— Que faites-vous dans mon appartement ? — s’effraya Kira en voyant un inconnu sur le seuil. — Enfin, c’est mon appartement !
Kira rentrait dans sa ville natale avec ce sentiment de paix presque oublié. Le train se balançait doucement, comme pour bercer, les roues martelaient leur rythme régulier, et derrière la vitre s’étiraient les paysages connus depuis l’enfance : des champs sans fin, de rares bosquets où les bouleaux se mêlaient aux épicéas sombres, de petites maisons aux clôtures de guingois et aux potagers. Tout cela lui était si familier que quelque chose se serra en elle. Kira regardait dehors et, soudain, se surprit à sourire, sans raison.
Autrefois, des années plus tôt, en quittant cet endroit avec une seule valise et d’immenses espoirs, elle était sûre d’une chose : elle ne reviendrait plus ici. Sauf peut-être pour les fêtes, deux jours, pas davantage. À l’époque, sa ville natale lui semblait un cul-de-sac. Un trou perdu où tout est déjà connu, déjà écrit. Elle avait l’impression que si elle s’y attardait, la vie passerait sans elle. Kira rêvait de terminer l’université, de trouver un travail prestigieux dans une grande ville, de porter de beaux manteaux, de courir à ses affaires, et, si la chance lui souriait vraiment, de se marier avantageusement. Comme au cinéma.
Ses parents lui demandaient alors de revenir, surtout sa mère. Elle voulait avoir sa fille près d’elle, pouvoir parler tous les jours non pas au téléphone, mais dans la cuisine, autour d’un thé. Kira balayait cela d’un geste :
— Maman, qu’est-ce que je vais faire là-bas ? Je vous prendrai plus tard avec moi.
Elle le pensait sincèrement. Mais les années passées dans une ville étrangère ne la rendaient pas plus heureuse. Au contraire : la nostalgie s’accumulait. D’abord, Kira s’ennuya de ses parents, puis de ses amis. De ceux avec qui elle avait grandi : avec qui elle allait se baigner à la rivière, s’asseyait près d’un feu, faisait cuire des pommes de terre dans la cendre, chantait à la guitare, faux mais de tout son cœur. De ces gens à qui l’on n’a rien à expliquer : ils comprennent déjà tout.

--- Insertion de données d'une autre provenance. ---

text \<open>The procedure always stops, since every continuing pass strictly enlarges \<open>S \<subseteq> V\<close>.\<close>

lemma htc_procedure_stops:
  obtains t where "htc_procedure m D B = Some t" "t \<subseteq> {1..m}" "t = {1..m} \<or> htc_pass m D B t = t"
proof -
  define b where "b S \<longleftrightarrow> S \<noteq> {1..m} \<and> htc_pass m D B S \<noteq> S" for S
  define S0 where "S0 = {v \<in> {1..m}. pa D v = {}}"
  have "\<exists>t. while_option b (htc_pass m D B) S0 = Some t"
  proof (rule measure_while_option_Some[where P = "\<lambda>S. S \<subseteq> {1..m}" and f = "\<lambda>S. card ({1..m} - S)"])
    fix S assume S: "S \<subseteq> {1..m}" and bS: "b S"
    have p: "S \<subseteq> htc_pass m D B S" "htc_pass m D B S \<subseteq> {1..m}" using htc_pass_bounds[OF S] by auto
    then have "{1..m} - htc_pass m D B S \<subset> {1..m} - S" using bS by (auto simp: b_def)
    then have "card ({1..m} - htc_pass m D B S) < card ({1..m} - S)" by (rule psubset_card_mono[rotated]) simp
    then show "htc_pass m D B S \<subseteq> {1..m} \<and> card ({1..m} - htc_pass m D B S) < card ({1..m} - S)"
      using p by blast
  qed (auto simp: S0_def)
  then obtain t where t: "while_option b (htc_pass m D B) S0 = Some t" by blast
  have "t \<subseteq> {1..m}"
    by (rule while_option_rule[OF _ t, where P = "\<lambda>S. S \<subseteq> {1..m}"])
       (use htc_pass_bounds in \<open>auto simp: S0_def\<close>)
  moreover have "\<not> b t" using while_option_stop[OF t] .
  ultimately show ?thesis using that t unfolding htc_procedure_def b_def S0_def by blast
qed

text \<open>For
  \<open>S = V\<close> this is HTC-identifiability; the procedure maintains it as an invariant.\<close>

definition htc_certified :: "nat \<Rightarrow> (nat \<times> nat) set \<Rightarrow> (nat \<times> nat) set \<Rightarrow> nat set \<Rightarrow> bool" where
  "htc_certified m D B S \<longleftrightarrow> S \<subseteq> {1..m} \<and> (\<exists>Ys R. R \<subseteq> S \<times> S \<and> strict_linear_order_on S R \<and>
     (\<forall>v\<in>S. htc_criterion m D B v (Ys v) \<and> (\<forall>w \<in> Ys v \<inter> htr m D B v. (w, v) \<in> R)))"

lemma certified_identifiable:
  assumes "htc_certified m D B {1..m}"
  shows "HTC_identifiable m D B"
proof -
  obtain Ys R where "strict_linear_order_on {1..m} R"
    "\<forall>v\<in>{1..m}. htc_criterion m D B v (Ys v) \<and> (\<forall>w \<in> Ys v \<inter> htr m D B v. (w, v) \<in> R)"
    using assms unfolding htc_certified_def by blast
  then show ?thesis unfolding HTC_identifiable_def by blast
qed

lemma strict_linear_order_on_insert:
  assumes R: "strict_linear_order_on S R" "R \<subseteq> S \<times> S" and v: "v \<notin> S"
  shows "strict_linear_order_on (insert v S) (R \<union> S \<times> {v})"
proof -
  have t: "trans R" and i: "irrefl R" and to: "total_on S R"
    using R(1) by (auto simp: strict_linear_order_on_def)
  have "trans (R \<union> S \<times> {v})"
  proof (rule transI)
    fix a b c assume ab: "(a, b) \<in> R \<union> S \<times> {v}" and bc: "(b, c) \<in> R \<union> S \<times> {v}"
    show "(a, c) \<in> R \<union> S \<times> {v}"
    proof (cases "(a, b) \<in> R")
      case True
      then have "a \<in> S" "b \<in> S" using R(2) by auto
      then show ?thesis using bc True t by (auto dest: transD)
    next
      case False
      then have "b = v" using ab by simp
      then show ?thesis using bc R(2) v by auto
    qed
  qed
  moreover have "irrefl (R \<union> S \<times> {v})" using i v by (auto simp: irrefl_def)
  moreover have "total_on (insert v S) (R \<union> S \<times> {v})" using to by (auto simp: total_on_def)
  ultimately show ?thesis by (simp add: strict_linear_order_on_def)
qed

text \<open>Vertices without parents are certified by \<open>Y_v = {}\<close> and any order.\<close>

lemma certified_init: "htc_certified m D B {v \<in> {1..m}. pa D v = {}}"
proof -
  define S0 where "S0 = {v \<in> {1..m}. pa D v = {}}"
  define R where "R = {(a, b). a \<in> S0 \<and> b \<in> S0 \<and> a < (b::nat)}"
  have "R \<subseteq> S0 \<times> S0" by (auto simp: R_def)
  moreover have "strict_linear_order_on S0 R"
    by (auto simp: strict_linear_order_on_def R_def trans_def irrefl_def total_on_def)
  moreover have "\<forall>v\<in>S0. htc_criterion m D B v {} \<and> (\<forall>w \<in> {} \<inter> htr m D B v. (w, v) \<in> R)"
    by (auto simp: S0_def htc_criterion_def ht_system_def bij_betw_def)
  ultimately show ?thesis unfolding htc_certified_def S0_def
    by (intro conjI exI[of _ "\<lambda>_. {}"] exI[of _ R]) auto
qed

À l’institut, bien sûr, elle s’était fait des amies. De bonnes filles, normales. On pouvait parler avec elles, rire, se plaindre des professeurs. Mais elles n’avaient pas de passé commun. Pas ces souvenirs qui remontent spontanément et font rire aux larmes d’un simple regard. Pas ce « tu te souviens… » qui ouvre sur toute une histoire.

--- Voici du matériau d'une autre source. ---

text \<open>A factor of length n at t > n + 1 lies inside the factor of some length m \<ge> n starting at
  s(m) \<le> t, which occurred earlier; shifting back to that occurrence decreases t.\<close>

lemma factor_occurs_in_prefix:
  fixes x :: "nat \<Rightarrow> 'a::finite"
  assumes le: "\<forall>m. first_repeat x m \<le> m + 2" and eq: "first_repeat x n = n + 2"
    and unbounded: "\<forall>t. \<exists>m. t < first_repeat x m"
  shows "1 \<le> t \<Longrightarrow> \<exists>j\<in>{1..n + 1}. fac x t n = fac x j n"
proof (induction t rule: less_induct)
  case (less t)
  show ?case
  proof (cases "t \<le> n + 1")
    case True with less.prems show ?thesis by auto
  next
    case False
    obtain M where "t < first_repeat x M" using unbounded by blast
    moreover have "\<not> t < first_repeat x 0" using False by (simp add: first_repeat_0)
    ultimately obtain m where m: "first_repeat x m \<le> t" "t < first_repeat x (Suc m)"
      using ex_least_nat_less[of "\<lambda>M. t < first_repeat x M"] by (auto simp: not_less)
    define s where "s = first_repeat x m"
    have "n \<le> m"
    proof (rule ccontr)
      assume "\<not> n \<le> m"
      then have "first_repeat x (Suc m) \<le> first_repeat x n" by (intro first_repeat_mono) simp
      with m False eq show False by simp
    qed
    then have "n + 2 \<le> s" using first_repeat_mono eq unfolding s_def by metis
    have "t \<le> m + 2" using m(2) le[rule_format, of "Suc m"] by simp
    obtain i where i: "1 \<le> i" "i < s" "fac x i m = fac x s m"
      unfolding s_def by (rule first_repeat_occurs_earlier)
    define t' where "t' = t - (s - i)"
    have "fac x t n = fac x t' n"
      unfolding fac_eq_iff
    proof (intro allI impI)
      fix k assume "k < n"
      then have "t - s + k < m"
        using \<open>t \<le> m + 2\<close> \<open>n + 2 \<le> s\<close> m(1) s_def by linarith
      then have "x (i + (t - s + k)) = x (s + (t - s + k))" using i(3) by (simp add: fac_eq_iff)
      moreover have "i + (t - s + k) = t' + k" "s + (t - s + k) = t + k"
        using i(2) m(1) unfolding s_def t'_def by auto
      ultimately show "x (t + k) = x (t' + k)" by simp
    qed
    moreover have "\<exists>j\<in>{1..n + 1}. fac x t' n = fac x j n"
      using i m(1) unfolding s_def t'_def by (intro less.IH) auto
    ultimately show ?thesis by simp
  qed
qed

lemma complexity_le_if_first_repeat_eq:
  fixes x :: "nat \<Rightarrow> 'a::finite"
  assumes "\<forall>m. first_repeat x m \<le> m + 2" "first_repeat x n = n + 2"
    and "\<forall>t. \<exists>m. t < first_repeat x m"
  shows "subword_complexity n x \<le> n + 1"
proof -
  have "{fac x t n | t. 1 \<le> t} \<subseteq> (\<lambda>j. fac x j n) ` {1..n + 1}"
    using factor_occurs_in_prefix[OF assms] by fastforce
  then have "card {fac x t n | t. 1 \<le> t} \<le> card {1..n + 1}"
    by (intro surj_card_le) simp_all
  then show ?thesis unfolding subword_complexity_def by simp
qed

section \<open>Eventually periodic words\<close>

definition eventually_periodic :: "(nat \<Rightarrow> 'a) \<Rightarrow> bool" where
  "eventually_periodic x \<longleftrightarrow> (\<exists>i q. 1 \<le> i \<and> 0 < q \<and> (\<forall>l\<ge>i. x (l + q) = x l))"

lemma eventually_periodic_complexity_bounded:
  assumes "eventually_periodic x"
  obtains C where "\<And>n. subword_complexity n x \<le> C"
proof -
  obtain i q where iq: "1 \<le> i" "0 < q" "\<forall>l\<ge>i. x (l + q) = x l"
    using assms unfolding eventually_periodic_def by blast
  have "\<exists>t'\<in>{1..<i + q}. fac x t n = fac x t' n" if "1 \<le> t" for t n
    using that
  proof (induction t rule: less_induct)
    case (less t)
    show ?case
    proof (cases "t < i + q")
      case True with less.prems show ?thesis by auto
    next
      case False
      have "fac x t n = fac x (t - q) n"
        unfolding fac_eq_iff
      proof (intro allI impI)
        fix k
        have "i \<le> t - q + k" using False by simp
        then have "x (t - q + k + q) = x (t - q + k)" using iq(3) by blast
        moreover have "t - q + k + q = t + k" using False by simp
        ultimately show "x (t + k) = x (t - q + k)" by metis
      qed
      moreover have "\<exists>t'\<in>{1..<i + q}. fac x (t - q) n = fac x t' n"
        using False iq(1,2) by (intro less.IH) auto
      ultimately show ?thesis by simp
    qed
  qed
  then have "{fac x t n | t. 1 \<le> t} \<subseteq> (\<lambda>t'. fac x t' n) ` {1..<i + q}" for n
    by fastforce
  then have "subword_complexity n x \<le> card {1..<i + q}" for n
    unfolding subword_complexity_def by (intro surj_card_le) simp_all
  then show thesis by (rule that)
qed

lemma eventually_periodic_first_repeat_bounded:
  assumes "eventually_periodic x"
  obtains C where "\<And>n. first_repeat x n \<le> C"
proof -
  obtain i q where iq: "1 \<le> i" "0 < q" "\<forall>l\<ge>i. x (l + q) = x l"
    using assms unfolding eventually_periodic_def by blast
  then have shift: "fac x i n = fac x (i + q) n" for n
    unfolding fac_eq_iff
  proof (intro allI impI)
    fix k
    have "x (i + k + q) = x (i + k)" using iq(3) by simp
    then show "x (i + k) = x (i + q + k)" by (simp add: ac_simps)
  qed
  have "first_repeat x n \<le> i + q" for n
    by (rule first_repeat_le[OF iq(1) _ shift]) (use iq(2) in simp)
  then show thesis by (rule that)
qed

lemma eventually_periodic_if_first_repeat_eventually_const:
  fixes x :: "nat \<Rightarrow> 'a::finite"
  assumes const: "\<forall>m\<ge>N. first_repeat x m = s"
  shows "eventually_periodic x"
proof (rule ccontr)
  assume not_periodic: "\<not> eventually_periodic x"
  have "\<exists>l. x (i + l) \<noteq> x (s + l)" if "i \<in> {1..<s}" for i
  proof (rule ccontr)
    assume "\<not> (\<exists>l. x (i + l) \<noteq> x (s + l))"
    then have "x (i + (l - i)) = x (s + (l - i))" for l by blast
    moreover have "i + (l - i) = l" "s + (l - i) = l + (s - i)" if "i \<le> l" for l
      using that \<open>i \<in> {1..<s}\<close> by auto
    ultimately have "\<forall>l\<ge>i. x (l + (s - i)) = x l" by metis
    moreover have "1 \<le> i" "0 < s - i" using that by auto
    ultimately have "eventually_periodic x" unfolding eventually_periodic_def by blast
    with not_periodic show False by blast
  qed
  then obtain f where f: "\<forall>i\<in>{1..<s}. x (i + f i) \<noteq> x (s + f i)" by metis
  define M where "M = N + (\<Sum>i\<in>{1..<s}. f i) + 1"
  have "first_repeat x M = s" using const unfolding M_def by simp
  then obtain i where i: "1 \<le> i" "i < s" "fac x i M = fac x s M"
    by (metis first_repeat_occurs_earlier)
  then have "f i \<le> (\<Sum>i\<in>{1..<s}. f i)" by (intro member_le_sum) auto
  then have "x (i + f i) = x (s + f i)" using i(3) unfolding M_def by (simp add: fac_eq_iff)
  with f i show False by auto
qed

Dans leur petite ville, les week-ends étaient simples et vrais. Sans raison, ils se retrouvaient et allaient en forêt ou à la rivière. Ils prenaient une guitare, un thermos de thé, des sandwichs, et c’était suffisant pour être heureux. Dans la grande ville, les divertissements étaient autres. Au début, Kira s’y était accrochée — elle voulait tout essayer : les clubs, les bars, la musique forte, les lumières, le bruit. Elle y alla deux fois, y laissa presque tout l’argent que ses parents lui avaient envoyé, et, le dernier soir, elle s’en sortit de justesse face à des voyous collants. Ce soir-là, elle rentra seule, longtemps, emmitouflée dans sa veste, se retournant au moindre bruit, et comprit pour la première fois avec une clarté terrible : non, ce n’est pas pour moi. Dans sa petite ville, c’était bien plus calme. Là-bas, au moins, on sait qui vient à votre rencontre.

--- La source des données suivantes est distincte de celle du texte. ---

text \<open>Standard vectors are determined by their image: for a nonzero standard \<open>b\<close>, choose \<open>J\<close>
  with \<open>b\<^sub>J \<noteq> 0\<close> and \<open>min J\<close> maximal and a monomial \<open>u\<close> of \<open>b\<^sub>J\<close>; then \<open>u X\<^bsub>min J\<^esub>\<close> occurs in
  the \<open>(J - {min J})\<close>-coordinate of \<open>\<partial>b\<close> and nowhere else.\<close>

lemma standard_koszul_d_eq_0:
  assumes k: "1 \<le> k" and b: "b \<in> standard n k" and "koszul_d n k b = 0"
  shows "b = 0"
proof (rule ccontr)
  assume "b \<noteq> 0"
  define S where "S = {J\<in>ksets n k. b J \<noteq> 0}"
  have "S \<noteq> {}" using \<open>b \<noteq> 0\<close> b by (auto simp: S_def standard_def fun_eq_iff)
  moreover have "finite S" by (simp add: S_def)
  ultimately have "Max (Min ` S) \<in> Min ` S"
    by (intro Max_in) auto
  then obtain J where "J \<in> S" and "Min J = Max (Min ` S)"
    by auto
  then have max: "\<And>J'. J' \<in> S \<Longrightarrow> Min J' \<le> Min J"
    using \<open>finite S\<close> by simp
  from \<open>J \<in> S\<close> have J: "J \<in> ksets n k" "b J \<noteq> 0" by (auto simp: S_def)
  have fin: "finite J" "J \<noteq> {}" using J k ksets_finite ksets_nonempty by auto
  obtain u where u: "u \<in> Poly_Mapping.keys (b J)"
    using J(2) by (metis ex_in_conv keys_eq_empty)
  moreover have "vars_in {Min J..<n} (b J)"
    using J(1) b by (simp add: standard_def)
  ultimately have keys_u: "Poly_Mapping.keys u \<subseteq> {Min J..}"
    by (fastforce simp: vars_in_def)
  define I where "I = J - {Min J}"
  define w where "w = u + mon_var (Min J)"
  have others: "Poly_Mapping.lookup (b J' * koszul_coeff J' I) w = 0"
    if "J' \<in> ksets n k" "J' \<noteq> J" for J'
  proof (cases "b J' = 0")
    case False
    then have "Min J' \<le> Min J" using that max by (simp add: S_def)
    then show ?thesis unfolding I_def w_def
      using lookup_mult_koszul_coeff_eq_0[OF fin ksets_finite[OF that(1)] that(2) _ keys_u] by simp
  qed simp
  have "0 = Poly_Mapping.lookup (koszul_d n k b I) w"
    using assms(3) by simp
  also have "\<dots> = (\<Sum>J'\<in>ksets n k. Poly_Mapping.lookup (b J' * koszul_coeff J' I) w)"
    by (simp add: koszul_d_def lookup_sum)
  also have "\<dots> = Poly_Mapping.lookup (b J * koszul_coeff J I) w"
    using others J(1) by (subst sum.remove[OF finite_ksets J(1)]) (auto intro!: sum.neutral)
  also have "\<dots> = Poly_Mapping.lookup (b J) u * koszul_sign J (Min J)"
    unfolding I_def w_def koszul_coeff_Diff_single[OF Min_in[OF fin]] lookup_mult_single_add ..
  also have "\<dots> \<noteq> 0" using u by (simp add: in_keys_iff)
  finally show False by simp
qed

Quand elle rentrait à la maison pour les vacances, Kira se surprenait de plus en plus souvent à ressentir une étrange nostalgie, lourde et insistante. Chaque fois qu’elle repartait, elle pensait au jour où elle reviendrait ici pour de bon. Au début, ces pensées lui semblaient un signe de faiblesse : comme si elle n’avait pas réussi, comme si elle n’avait pas atteint cette « belle vie ». Mais, année après année, elles devenaient plus pressantes. Et puis, un jour, son diplôme en main, Kira marchait dans le couloir de l’institut en se disant avec excitation : demain, elle ira à la gare, achètera un billet, et voilà. Adieu la « ville de rêve ». C’est bien ici, mais chez soi, c’est mieux. Elle imaginait la porte de l’appartement familial qui s’ouvre, sa mère qui la serre fort, son père qui la regarde avec fierté. Elle se voyait marcher dans les rues familières, croiser de vieux amis, sentir que tout se remet enfin à sa place.
— Kira ! Kira, attends !
Elle se retourna en entendant son prénom. Dans le couloir, essoufflée, sa camarade Lena courait vers elle en agitant la main.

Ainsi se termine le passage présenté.